▸ Instructions to follow
Give again, exactly as they appear, only the lines from the one containing "theory Defs" through the last line of the material below.
#### Task inputs
(* Let $\mathbb{G}$ be a $b$-bounded concurrent game system and $\pi$ a strategy profile given by probabilistic transducers. If $\pi$ is not a subgame perfect equilibrium in $\mathbb{G}$, then there exist an agent $i$, a state $v^*=\langle v,s,n\rangle$ of $\mathbb{G}\times\pi$ with $i\in P(v)$, and an action $a\in A_i$ such that (1) $v^*\in R$ (the set of relevant history-reachable states for agent $i$), and (2) in the Markov chain $\mathbb{G}\times\pi'$ obtained from $\mathbb{G}\times\pi$ by changing only the outgoing transition probabilities of $v^*$, namely by replacing the distribution $O_i(s^i,v)$ of agent $i$ with the point mass on $a$ (all other agents' outputs unchanged), the probability of reaching $T=\{\langle v',s',n'\rangle : v'\in G_i\}$ from $v^*$ is strictly larger than in $\mathbb{G}\times\pi$.
   Context: Fix a constant $b\ge 1$. A $b$-bounded concurrent game system is a tuple $\mathbb{G}=\langle V,v_0,\Omega,A,P,\delta,\mathbb{L},G,F\rangle$ where: $V$ is a finite set of states with initial state $v_0$; $\Omega=\{1,\dots,k\}$ is the set of agents; $A_i$ is the finite action set of agent $i$, $\Theta_W=\prod_{i\in W}A_i$; $P:V\to 2^\Omega$ with $|P(v)|\le b$; $\delta(v,\theta,v')\in[0,1]$ for $\theta\in\Theta_{P(v)}$ with $\sum_{v'}\delta(v,\theta,v')=1$, all probabilities binary fractions of exactly $\mathbb{L}$ bits; $G_i\subseteq V$ is agent $i$'s reachability goal; $F\in\mathbb{N}$ is a horizon. A play starts at $v_0$; at each state $v$ the agents in $P(v)$ choose actions from their current distributions, and the next state is sampled from $\delta$; the play visits $F$ states in total. Agent $i$'s payoff from a play is $1$ if it visits $G_i$ and $0$ otherwise; $p(\pi,i)$ is the expected payoff under profile $\pi$. A strategy of agent $i$ is any function $V^+\to\mathbb{D}(A_i)$; input strategies are given by probabilistic transducers $\langle S_i,s_0^i,V,\gamma^i,O_i\rangle$ (finite $S_i$, deterministic $\gamma^i:S_i\times V\to S_i$, $O_i:S_i\times V\to\mathbb{D}(A_i)$). The product transducer of $\pi$ has states $S=\prod_iS_i$, initial state $s_0$, componentwise transitions $\gamma$, and output $O(s,v)$ = product distribution of $O_j(s^j,v)$, $j\in P(v)$. A Nash equilibrium is a profile $\pi$ such that for every agent $i$ and every strategy $\pi'_i$, replacing $\pi_i$ by $\pi'_i$ does not increase $p(\cdot,i)$. A history is $h\in V^+$ starting at $v_0$, with $|h|\le F$, such that consecutive states $h[j],h[j+1]$ satisfy $\delta(h[j],\theta,h[j+1])>0$ for some $\theta$. The substrategy is $\pi_i|_h(w)=\pi_i(h\cdot w)$; the subgame $\mathbb{G}|_h$ starts at the last state of $h$ with horizon $F-|h|$, and agents whose goal was visited in $h$ get payoff $1$. $\pi$ is a subgame perfect equilibrium iff for every history $h$, $\pi|_h=\langle\pi_1|_h,\dots,\pi_k|_h\rangle$ is a Nash equilibrium in $\mathbb{G}|_h$. The Markov chain $\mathbb{G}\times\pi$ has states $V\times S\times[F]$ and transition probability from $\langle v_1,s_1,n_1\rangle$ to $\langle v_2,s_2,n_2\rangle$ equal to $p_vp_sp_n$, where $p_s=[s_2=\gamma(s_1,v_1)]$, $p_n=[n_2=n_1+1]$ (no outgoing transitions when $n_1=F$), and $p_v=\sum_\theta\Pr[O(s_1,v_1)=\theta]\,\delta(v_1,\theta,v_2)$. A state $r$ is in $R$ (for agent $i$) iff there is a path $\langle v_0,s_0,1\rangle=x_1,\dots,x_m=r$, $x_j=\langle v'_j,s'_j,n_j\rangle$, with $\gamma(s'_j,v'_j)=s'_{j+1}$, $n_{j+1}=n_j+1$, $\delta(v'_j,\theta,v'_{j+1})>0$ for some $\theta\in\Theta_{P(v'_j)}$, and $v'_j\notin G_i$ for all $j$. *)

theory Defs
  imports "HOL-Probability.Probability_Mass_Function"
begin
########
▸ Answer to this exercise
theory Defs
  imports "HOL-Probability.Probability_Mass_Function"
begin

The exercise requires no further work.